CPU Topology#

Join provides a CPU topology detector that reads hardware structure at runtime from the Linux sysfs interface. CpuTopology is a singleton that exposes the physical layout of the machine — sockets, cores, hardware threads, and NUMA nodes — and is used internally by ThreadPool and distribute() for topology-aware thread sizing.

Concepts#

Logical CPU#

A logical CPU (also called a hardware thread) is what the OS schedules work on. On a system with Hyper-Threading or SMT enabled, each physical core exposes two or more logical CPUs.

LogicalCpu
├── id      — OS CPU index (0, 1, 2, ...)
├── core    — physical core ID
├── socket  — physical socket ID
└── numa    — NUMA node ID

Physical core#

A physical core groups all the logical CPUs that share its execution units.

PhysicalCore
├── id      — physical core ID
├── socket  — physical socket ID
├── numa    — NUMA node ID
└── threads — list of logical CPUs (SMT/HT threads)

NUMA node#

A NUMA node groups the physical cores that share the same memory controller. On single-socket systems there is typically one node (node 0).

NumaNode
├── id    — NUMA node ID
└── cores — list of physical core IDs belonging to this node

Accessing the topology#

CpuTopology is a singleton — construction and detection happen once on first access.

#include <join/cpu.hpp>

using namespace join;

const CpuTopology* topo = CpuTopology::instance();

CpuTopology is neither copyable nor movable.

Physical cores#

const auto& cores = topo->cores();

for (const auto& core : cores)
{
    // core.id     — physical core ID
    // core.socket — socket ID
    // core.numa   — NUMA node ID
    // core.threads — logical CPUs on this core
}

Cores are sorted by socket first, then by core ID within each socket.

Primary thread#

To get the first logical CPU of a core (avoids relying on a hyper-thread):

int cpuId = core.primaryThread();  // -1 if no threads

This is the recommended way to pin a thread to a core without activating a sibling HT thread.

NUMA nodes#

const auto& nodes = topo->nodes();

for (const auto& node : nodes)
{
    // node.id    — NUMA node ID
    // node.cores — physical core IDs in this node
}

Nodes are sorted by node ID.

Common queries#

Number of physical cores#

size_t coreCount = topo->cores().size();

This is the value used by ThreadPool and distribute() as the default thread count.

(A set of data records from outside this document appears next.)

lemma continuous_on_euler_integrand:
  assumes "p > 1/2" "z \<in> cut_plane"
  shows "continuous_on {0..pi}
           (\<lambda>t. of_real (sin t powr (2*p - 1)) * (1 - z * of_real ((sin t)\<^sup>2)) powr of_real (- a))"
proof (rule continuous_on_mult[OF continuous_on_of_real[OF continuous_on_sin_powr]])
  have "continuous_on {0..pi} (\<lambda>t. (z, t))"
    by (intro continuous_intros)
  then show "continuous_on {0..pi} (\<lambda>t. (1 - z * of_real ((sin t)\<^sup>2)) powr of_real (- a))"
    using continuous_on_compose2[OF continuous_on_euler_kernel[of "of_real (- a)"]] assms(2) by force
qed (use assms(1) in auto)

lemma holomorphic_euler_integral:
  assumes p: "p > 1/2"
  shows "euler_integral p a holomorphic_on cut_plane"
proof -
  define f where "f = (\<lambda>(z::complex) (t::real).
    of_real (sin t powr (2*p - 1)) * (1 - z * of_real ((sin t)\<^sup>2)) powr of_real (- a))"
  define f' where "f' = (\<lambda>(z::complex) (t::real). of_real (sin t powr (2*p - 1))
    * (of_real (- a) * (1 - z * of_real ((sin t)\<^sup>2)) powr (of_real (- a) - 1) * (- of_real ((sin t)\<^sup>2))))"
  show ?thesis
    unfolding holomorphic_on_def
  proof
    fix z0 assume "z0 \<in> cut_plane"
    then obtain r where r: "r > 0" "ball z0 r \<subseteq> cut_plane"
      using open_cut_plane open_contains_ball by blast
    have "((\<lambda>z. integral (cbox 0 pi) (f z)) has_field_derivative integral (cbox 0 pi) (f' z0))
          (at z0 within ball z0 r)"
    proof (rule leibniz_rule_field_derivative)
      fix z t assume "z \<in> ball z0 r"
      then have "1 - z * of_real ((sin t)\<^sup>2) \<notin> \<real>\<^sub>\<le>\<^sub>0"
        using r by (intro one_minus_notin_nonpos_Reals) (auto simp: abs_square_le_1)
      then show "((\<lambda>z. f z t) has_field_derivative f' z t) (at z within ball z0 r)"
        unfolding f_def f'_def by (auto intro!: derivative_eq_intros)
    next
      fix z assume "z \<in> ball z0 r"
      then show "f z integrable_on cbox 0 pi"
        unfolding f_def cbox_interval using r p
        by (intro integrable_continuous_interval continuous_on_euler_integrand) auto
    next
      have kernel: "continuous_on (ball z0 r \<times> cbox 0 pi)
              (\<lambda>(z, t). (1 - z * of_real ((sin t)\<^sup>2)) powr (of_real (- a) - 1))"
        by (rule continuous_on_subset[OF continuous_on_euler_kernel]) (use r in auto)
      have sin_powr: "continuous_on (ball z0 r \<times> cbox 0 pi) (\<lambda>x. complex_of_real (sin (snd x) powr (2*p - 1)))"
        using p by (intro continuous_on_of_real continuous_on_compose2[OF continuous_on_sin_powr]
            continuous_intros) auto
      show "continuous_on (ball z0 r \<times> cbox 0 pi) (\<lambda>(z, t). f' z t)"
        unfolding f'_def case_prod_unfold
        by (intro sin_powr kernel[unfolded case_prod_unfold] continuous_on_mult continuous_intros)
    qed (use r in auto)
    then have "euler_integral p a field_differentiable at z0"
      using r unfolding euler_integral_def f_def field_differentiable_def cbox_interval
      by (auto simp: at_within_open[OF _ open_ball])
    then show "euler_integral p a field_differentiable at z0 within cut_plane"
      using field_differentiable_at_within by blast
  qed
qed

lemma sums_integral_Weierstrass:
  fixes g :: "nat \<Rightarrow> real \<Rightarrow> 'a::banach"
  assumes cont: "\<And>j. continuous_on {a..b} (g j)"
    and int: "\<And>j. (g j has_integral I j) {a..b}"
    and bound: "\<And>j t. t \<in> {a..b} \<Longrightarrow> norm (g j t) \<le> M j"
    and "summable M"
  shows "I sums integral {a..b} (\<lambda>t. \<Sum>j. g j t)"
proof -
  have "uniform_limit {a..b} (\<lambda>n t. \<Sum>j<n. g j t) (\<lambda>t. \<Sum>j. g j t) sequentially"
    using bound \<open>summable M\<close> by (rule Weierstrass_m_test)
  then obtain S J where S: "\<And>n. ((\<lambda>t. \<Sum>j<n. g j t) has_integral S n) {a..b}"
    and J: "((\<lambda>t. \<Sum>j. g j t) has_integral J) {a..b}" and "S \<longlonglongrightarrow> J"
    by (rule uniform_limit_integral) (auto intro!: continuous_on_sum cont)
  moreover have "S = (\<lambda>n. \<Sum>j<n. I j)"
    using has_integral_unique[OF S has_integral_sum[OF _ int]] by auto
  ultimately show ?thesis
    unfolding sums_def using integral_unique[OF J] by simp
qed

lemma pochhammer_binomial_sums:
  fixes w :: complex
  assumes "norm w < 1"
  shows "(\<lambda>j. of_real (pochhammer a j / fact j) * w ^ j) sums (1 - w) powr of_real (- a)"
proof -
  have "(\<lambda>j. (of_real (- a) gchoose j) * (- w) ^ j) sums (1 - w) powr of_real (- a)"
    using gen_binomial_complex[of "- w"] assms by simp
  moreover have "(of_real (- a) gchoose j) * (- w) ^ j = of_real (pochhammer a j / fact j) * w ^ j" for j
  proof -
    have "(of_real (- a) gchoose j) * (- w) ^ j
        = ((- 1) ^ j * (- 1) ^ j) * (pochhammer (of_real a) j / fact j * w ^ j)"
      by (simp add: gbinomial_pochhammer power_minus[of w])
    also have "\<dots> = of_real (pochhammer a j / fact j) * w ^ j"
      by (simp add: pochhammer_of_real flip: power_mult_distrib)
    finally show ?thesis .
  qed
  ultimately show ?thesis
    by simp
qed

Number of logical CPUs (with HT)#

size_t logicalCount = 0;
for (const auto& core : topo->cores())
{
    logicalCount += core.threads.size();
}

Cores on a specific NUMA node#

int targetNode = 0;

for (const auto& core : topo->cores())
{
    if (core.numa == targetNode)
    {
        // use core.primaryThread() to pin a thread here
    }
}

Cores on a specific socket#

int targetSocket = 0;

for (const auto& core : topo->cores())
{
    if (core.socket == targetSocket)
    {
        // ...
    }
}

Integration with Thread#

CpuTopology is typically combined with Thread::affinity() to pin threads to specific cores:

const auto& cores = CpuTopology::instance()->cores();

Thread thread([]() {
    // work
});

// pin to the primary hardware thread of core 0
thread.affinity(cores[0].primaryThread());

Integration with ThreadPool and distribute()#

Both ThreadPool and distribute() use CpuTopology to size their worker count:

// ThreadPool default = number of physical cores
ThreadPool pool;  // pool.size() == topo->cores().size()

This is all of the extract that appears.